(* Let $G$ be a graph and let $H$ be an induced subdivision of the $1$-pan in $G$ having the minimum number of vertices among all induced subdivisions of the $1$-pan in $G$. Write $H=(u,C)$, where $u$ is the vertex of degree $1$ of $H$ and $C$ is the cycle of $H$. If $|V(C)|\ge 5$, then every vertex of $V(G)\setminus V(H)$ has at most one neighbor in $V(C)$.
   Context: All graphs are finite and simple. An induced subdivision of a graph $F$ in $G$ is an induced subgraph of $G$ isomorphic to a graph obtained from $F$ by repeatedly replacing edges by paths of length $2$ through new vertices. The $1$-pan is the graph obtained from a triangle by adding a new vertex adjacent to exactly one vertex of the triangle; an induced subdivision of it consists of an induced cycle $C$ and one further vertex $u$ adjacent to exactly one vertex of $C$. *)

theory Defs
  imports Main
begin

definition simple_graph :: "'a set \<Rightarrow> ('a \<Rightarrow> 'a \<Rightarrow> bool) \<Rightarrow> bool" where
  "simple_graph V E \<longleftrightarrow> finite V \<and> (\<forall>x y. E x y \<longrightarrow> E y x) \<and> (\<forall>x. \<not> E x x)
     \<and> (\<forall>x y. E x y \<longrightarrow> x \<in> V \<and> y \<in> V)"

definition induced_cycle :: "'a set \<Rightarrow> ('a \<Rightarrow> 'a \<Rightarrow> bool) \<Rightarrow> 'a list \<Rightarrow> bool" where
  "induced_cycle V E cs \<longleftrightarrow> length cs \<ge> 3 \<and> distinct cs \<and> set cs \<subseteq> V \<and>
     (\<forall>i < length cs. \<forall>j < length cs.
        E (cs ! i) (cs ! j) \<longleftrightarrow> (j = Suc i mod length cs \<or> i = Suc j mod length cs))"

text \<open>An induced subdivision of the 1-pan: an induced cycle C (given as a cyclic list)
  together with a vertex u outside C adjacent to exactly one vertex of C.
  Its vertex set is set C \<union> {u}.\<close>
definition induced_pan :: "'a set \<Rightarrow> ('a \<Rightarrow> 'a \<Rightarrow> bool) \<Rightarrow> 'a \<Rightarrow> 'a list \<Rightarrow> bool" where
  "induced_pan V E u C \<longleftrightarrow> induced_cycle V E C \<and> u \<in> V \<and> u \<notin> set C \<and>
     card {c \<in> set C. E u c} = 1"

end

theory Submission
  imports Defs
begin

text \<open>
  Let c(i) be the vertices of C, indices modulo n \<ge> 5, and let v \<notin> V(H) have two
  neighbours on C. If v sees all of C, then v and two consecutive cycle vertices form a
  triangle to which u (at v or at its attachment vertex) is a pendant: a 1-pan on
  4 < n + 1 vertices. Otherwise some non-neighbour c(a) of v is followed by a neighbour
  c(a+1); if c(a+1+d) is the next neighbour, then v, c(a+1), ..., c(a+1+d) is an induced
  cycle with pendant c(a), a 1-pan on d + 3 vertices, which beats H when d \<le> n - 3.
  The only other possibility, d = n - 2, means that v sees exactly c(a-1) and c(a+1),
  and then the gap across c(a) has d = 2 \<le> n - 3.
\<close>

lemma mod_add_left_cancel_less:
  fixes n :: nat
  assumes "x < n" "y < n"
  shows "(a + x) mod n = (a + y) mod n \<longleftrightarrow> x = y"
proof
  assume eq: "(a + x) mod n = (a + y) mod n"
  show "x = y"
  proof (rule ccontr)
    assume "x \<noteq> y"
    then consider "x < y" | "y < x" by linarith
    then show False
    proof cases
      case 1
      then have "n dvd y - x" using eq mod_eq_dvd_iff_nat[of "a + x" "a + y" n] by simp
      then show False using 1 assms nat_dvd_not_less[of "y - x" n] by simp
    next
      case 2
      then have "n dvd x - y" using eq mod_eq_dvd_iff_nat[of "a + y" "a + x" n] by simp
      then show False using 2 assms nat_dvd_not_less[of "x - y" n] by simp
    qed
  qed
qed simp

lemma periodic_add_mult:
  fixes N :: "nat \<Rightarrow> bool"
  assumes "\<And>i. N (i + n) = N i"
  shows "N (i + k * n) = N i"
proof (induction k)
  case (Suc k)
  have "i + Suc k * n = (i + k * n) + n" by simp
  then show ?case using assms Suc.IH by presburger
qed simp

lemma exists_rising_step:
  assumes "\<not> N c" "N (c + j)"
  shows "\<exists>a. \<not> N a \<and> N (Suc a)"
  using assms
proof (induction j arbitrary: c)
  case (Suc j)
  show ?case
  proof (cases "N (Suc c)")
    case False
    then show ?thesis using Suc.IH[of "Suc c"] Suc.prems(2) by simp
  qed (use Suc.prems(1) in blast)
qed simp

lemma periodic_first_return:
  fixes N :: "nat \<Rightarrow> bool"
  assumes per: "\<And>i. N (i + n) = N i" and "0 < n"
    and "N b" "b mod n \<noteq> s mod n"
  shows "\<exists>d. 0 < d \<and> d < n \<and> N (s + d) \<and> (\<forall>k. 0 < k \<and> k < d \<longrightarrow> \<not> N (s + k))"
proof -
  define e where "e = b + s * n - s"
  have se: "s + e = b + s * n" unfolding e_def using \<open>0 < n\<close> by (simp add: trans_le_add2)
  define r where "r = e mod n"
  have "s + e = (s + r) + (e div n) * n" unfolding r_def by simp
  then have "N (s + r)"
    using se \<open>N b\<close> periodic_add_mult[of N n, OF per] by metis
  moreover have "r \<noteq> 0"
  proof
    assume "r = 0"
    then have "(s + e) mod n = s mod n" unfolding r_def by (simp add: mod_add_right_eq[symmetric])
    then show False using se assms(4) by simp
  qed
  ultimately have ex: "0 < r \<and> N (s + r)" by simp
  define d where "d = (LEAST d. 0 < d \<and> N (s + d))"
  have "0 < d \<and> N (s + d)" unfolding d_def using ex by (rule LeastI)
  moreover have "d \<le> r" unfolding d_def using ex by (rule Least_le)
  moreover have "r < n" unfolding r_def using \<open>0 < n\<close> by simp
  moreover have "\<not> N (s + k)" if "0 < k" "k < d" for k
    using not_less_Least[of k "\<lambda>d. 0 < d \<and> N (s + d)"] that unfolding d_def by blast
  ultimately show ?thesis by (intro exI[of _ d]) auto
qed

lemma periodic_gap:
  fixes N :: "nat \<Rightarrow> bool"
  assumes per: "\<And>i. N (i + n) = N i" and "5 \<le> n"
    and "N b\<^sub>1" "N b\<^sub>2" "b\<^sub>1 mod n \<noteq> b\<^sub>2 mod n" "\<not> N c"
  shows "\<exists>a d. \<not> N a \<and> 0 < d \<and> d + 3 \<le> n \<and> (\<forall>k \<le> d. N (Suc a + k) \<longleftrightarrow> k = 0 \<or> k = d)"
proof -
  have "N (c + (b\<^sub>1 + c * n - c))"
    using \<open>N b\<^sub>1\<close> \<open>5 \<le> n\<close> periodic_add_mult[of N n, OF per, of b\<^sub>1 c]
    by (simp add: trans_le_add2)
  then obtain a where a: "\<not> N a" "N (Suc a)" using exists_rising_step \<open>\<not> N c\<close> by blast
  obtain b where "N b" "b mod n \<noteq> Suc a mod n"
    using assms(3-5) by metis
  then obtain d where d: "0 < d" "d < n" "N (Suc a + d)" "\<And>k. 0 < k \<Longrightarrow> k < d \<Longrightarrow> \<not> N (Suc a + k)"
    using periodic_first_return[of N n, OF per] \<open>5 \<le> n\<close> a(2) by (metis gr0I zero_neq_numeral le_zero_eq)
  have "Suc a + (n - 1) = a + n" using \<open>5 \<le> n\<close> by simp
  then have "d \<noteq> n - 1" using d(3) a(1) per by metis
  then consider "d + 3 \<le> n" | "d = n - 2" using \<open>d < n\<close> by linarith
  then show ?thesis
  proof cases
    case 1
    then show ?thesis using a d by (intro exI[of _ a] exI[of _ d]) (auto simp: le_less)
  next
    case 2
    \<comment> \<open>modulo n, N holds only at Suc a and Suc a - 2, so the gap across a has length 2\<close>
    define a' where "a' = Suc a + (n - 3)"
    have "\<not> N a'" unfolding a'_def using d(4)[of "n - 3"] 2 \<open>5 \<le> n\<close> by simp
    moreover have "N (Suc a' + k) \<longleftrightarrow> k = 0 \<or> k = 2" if "k \<le> 2" for k
    proof -
      have "Suc a' + 0 = Suc a + d" "Suc a' + 1 = a + n" "Suc a' + 2 = Suc a + n"
        unfolding a'_def using 2 \<open>5 \<le> n\<close> by simp_all
      then have "N (Suc a' + 0)" "\<not> N (Suc a' + 1)" "N (Suc a' + 2)"
        using a d(3) per by metis+
      moreover have "k = 0 \<or> k = 1 \<or> k = 2" using that by linarith
      ultimately show ?thesis by fastforce
    qed
    ultimately show ?thesis using \<open>5 \<le> n\<close> by (intro exI[of _ a'] exI[of _ 2]) auto
  qed
qed

definition induced_path :: "'a set \<Rightarrow> ('a \<Rightarrow> 'a \<Rightarrow> bool) \<Rightarrow> 'a list \<Rightarrow> bool" where
  "induced_path V E ps \<longleftrightarrow> distinct ps \<and> set ps \<subseteq> V \<and>
     (\<forall>i < length ps. \<forall>j < length ps. E (ps ! i) (ps ! j) \<longleftrightarrow> (j = Suc i \<or> i = Suc j))"

lemma induced_path_adj:
  "induced_path V E ps \<Longrightarrow> i < length ps \<Longrightarrow> j < length ps \<Longrightarrow>
    E (ps ! i) (ps ! j) \<longleftrightarrow> (j = Suc i \<or> i = Suc j)"
  unfolding induced_path_def by blast

lemma induced_cycle_Cons_path:
  assumes "simple_graph V E" "induced_path V E P" "2 \<le> length P" "v \<in> V" "v \<notin> set P"
    and v_adj: "\<And>i. i < length P \<Longrightarrow> E v (P ! i) \<longleftrightarrow> i = 0 \<or> Suc i = length P"
  shows "induced_cycle V E (v # P)"
proof -
  have sym: "E p q \<longleftrightarrow> E q p" and irrefl: "\<not> E p p" for p q
    using assms(1) unfolding simple_graph_def by blast+
  note P_adj = induced_path_adj[OF assms(2)]
  have wrap: "Suc (Suc i) mod Suc (length P) = (if Suc i = length P then 0 else Suc (Suc i))"
    if "i < length P" for i
    using that by (cases "Suc i = length P") auto
  have "P \<noteq> []" using assms(3) by auto
  have "E ((v # P) ! i) ((v # P) ! j) \<longleftrightarrow> (j = Suc i mod Suc (length P) \<or> i = Suc j mod Suc (length P))"
    if "i < Suc (length P)" "j < Suc (length P)" for i j
  proof (cases i)
    case 0
    show ?thesis
    proof (cases j)
      case (Suc j')
      with that have "j' < length P" by simp
      with \<open>i = 0\<close> Suc show ?thesis by (auto simp add: \<open>P \<noteq> []\<close> wrap v_adj)
    qed (simp add: \<open>i = 0\<close> \<open>P \<noteq> []\<close> irrefl)
  next
    case (Suc i')
    with that have i': "i' < length P" by simp
    show ?thesis
    proof (cases j)
      case 0
      with Suc i' show ?thesis by (simp add: \<open>P \<noteq> []\<close> wrap v_adj sym[of "P ! i'"] eq_commute[of 0])
    next
      case (Suc j')
      with that have "j' < length P" by simp
      with \<open>i = Suc i'\<close> Suc i' show ?thesis by (auto simp add: wrap P_adj)
    qed
  qed
  moreover have "distinct (v # P)" "set (v # P) \<subseteq> V" "3 \<le> length (v # P)"
    using assms(2-5) unfolding induced_path_def by auto
  ultimately show ?thesis unfolding induced_cycle_def length_Cons by blast
qed

lemma induced_path_ConsD:
  assumes "induced_path V E (x # ps)"
  shows "induced_path V E ps"
proof -
  have "E (ps ! i) (ps ! j) \<longleftrightarrow> (j = Suc i \<or> i = Suc j)" if "i < length ps" "j < length ps" for i j
    using induced_path_adj[OF assms, of "Suc i" "Suc j"] that by simp
  then show ?thesis using assms unfolding induced_path_def by simp
qed

lemma induced_path_3:
  assumes "simple_graph V E" "distinct [x, y, z]" "{x, y, z} \<subseteq> V" "E x y" "E y z" "\<not> E x z"
  shows "induced_path V E [x, y, z]"
proof -
  have sym: "E p q \<Longrightarrow> E q p" and irrefl: "\<not> E p p" for p q
    using assms(1) unfolding simple_graph_def by blast+
  have adj: "E y x" "E z y" "\<not> E z x" "\<not> E x x" "\<not> E y y" "\<not> E z z"
    using assms(4-6) sym irrefl by blast+
  have idx: "i < 3 \<Longrightarrow> i = 0 \<or> i = 1 \<or> i = (2::nat)" for i by linarith
  have "E ([x, y, z] ! i) ([x, y, z] ! j) \<longleftrightarrow> (j = Suc i \<or> i = Suc j)" if "i < 3" "j < 3" for i j
    using idx[OF that(1)] idx[OF that(2)] assms(4-6) adj by (elim disjE) simp_all
  then show ?thesis using assms(2,3) unfolding induced_path_def by simp
qed

lemma induced_pan_of_path:
  assumes "simple_graph V E" "induced_path V E (w # P)" "2 \<le> length P"
    "v \<in> V" "v \<notin> set (w # P)" "\<not> E v w"
    and v_adj: "\<And>i. i < length P \<Longrightarrow> E v (P ! i) \<longleftrightarrow> i = 0 \<or> Suc i = length P"
  shows "induced_pan V E w (v # P)"
proof -
  have cycle: "induced_cycle V E (v # P)"
    using induced_cycle_Cons_path[OF assms(1) induced_path_ConsD[OF assms(2)] assms(3,4)] assms(5) v_adj
    by simp
  have P_nonempty: "0 < length P" using assms(3) by linarith
  have w_adj: "E w (P ! i) \<longleftrightarrow> i = 0" if "i < length P" for i
    using induced_path_adj[OF assms(2), of 0 "Suc i"] that by simp
  have "\<not> E w v" using assms(1,6) unfolding simple_graph_def by blast
  moreover have "P ! 0 \<in> set P" "E w (P ! 0)" using w_adj[OF P_nonempty] P_nonempty by simp_all
  ultimately have "{c \<in> set (v # P). E w c} = {P ! 0}"
    using w_adj by (auto simp: in_set_conv_nth)
  moreover have "w \<in> V" "w \<notin> set (v # P)"
    using assms(2,5) unfolding induced_path_def by auto
  ultimately show ?thesis using cycle unfolding induced_pan_def by simp
qed
lemma binomial_pmf_prob_ge_le_exp_D2:
  fixes p a :: real
  assumes "0 < p" "p \<le> a" "a < 1"
  shows "measure_pmf.prob (binomial_pmf t p) {k. a * real t \<le> real k} \<le> exp (- real t * D2 a p)"
proof -
  define r where "r = a * (1 - p) / (p * (1 - a))"
  have "1 \<le> r" using assms by (simp add: r_def field_simps mult_mono)
  then have "measure_pmf.prob (binomial_pmf t p) {k. a * real t \<le> real k}
      \<le> (p * r + (1 - p)) ^ t / r powr (a * t)"
    using assms by (intro binomial_pmf_prob_ge_le_mgf) auto
  also have "\<dots> = exp (- real t * D2 a p)"
    using assms unfolding r_def by (intro Chernoff_optimum_eq_exp_D2) auto
  finally show ?thesis .
qed

lemma prob_card_events_ge_le:
  fixes M :: "'a pmf" and B :: "'b \<Rightarrow> 'a set"
  assumes "finite J" "0 < a"
  shows "measure_pmf.prob M {\<omega>. a \<le> real (card {j \<in> J. \<omega> \<in> B j})}
           \<le> (\<Sum>j\<in>J. measure_pmf.prob M (B j)) / a"
proof -
  have card_eq: "real (card {j \<in> J. \<omega> \<in> B j}) = (\<Sum>j\<in>J. indicator (B j) \<omega>)" for \<omega>
    using assms(1) by (simp add: indicator_def sum.If_cases Int_def)
  have "measure_pmf.prob M {\<omega>. a \<le> (\<Sum>j\<in>J. indicator (B j) \<omega>)}
      \<le> (\<integral>\<omega>. (\<Sum>j\<in>J. indicator (B j) \<omega>) \<partial>M) / a"
    using integral_Markov_inequality_measure[of M "\<lambda>\<omega>. \<Sum>j\<in>J. indicator (B j) \<omega>" UNIV a] assms
    by (simp add: sum_nonneg less_top[symmetric])
  also have "(\<integral>\<omega>. (\<Sum>j\<in>J. indicator (B j) \<omega>) \<partial>M) = (\<Sum>j\<in>J. measure_pmf.prob M (B j))"
    by (simp add: Bochner_Integration.integral_sum less_top[symmetric])
  finally show ?thesis by (simp add: card_eq)
qed
theorem corollary1:
  fixes n c :: nat and L :: "nat set list" and K :: real
  assumes "valid_instance n c L"
    and "K \<ge> 1"
    and "quasi_uniform K n L"
  shows "real (min_adms n c L) \<ge>
           (real n ^ 2 - 1) * sqrt (real (max_traffic n L) / (2 * real c * K)) / 4"
proof -
  let ?costs = "{routing_cost n r t0 t1 | r t0 t1. feasible_routing n c L r t0 t1}"
  have "1 \<le> c"
    using assms(1) by (simp add: valid_instance_def)
  then obtain r0 t0' t1' where "feasible_routing n c L r0 t0' t1'"
    using feasible_routing_exists by blast
  then have "?costs \<noteq> {}"
    by blast
  then have "min_adms n c L \<in> ?costs"
    unfolding min_adms_def by (rule Inf_nat_def1)
  then obtain r t0 t1 where "feasible_routing n c L r t0 t1" "min_adms n c L = routing_cost n r t0 t1"
    by blast
  then have "(real n ^ 2 - 1) * sqrt (real (max_traffic n L) / (2 * real c * K)) / 3 \<le> real (min_adms n c L)"
    using routing_cost_lower_bound[OF assms(1) _ assms(3)] assms(2) by simp
  moreover have "0 \<le> (real n ^ 2 - 1) * sqrt (real (max_traffic n L) / (2 * real c * K))"
    using assms(1,2) by (simp add: valid_instance_def)
  ultimately show ?thesis
    by linarith
qed

end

--*--

▸ **Activity**
Within the records, how many lines include "lemma"? The answer is the number and nothing else.

▸ **Solution**
12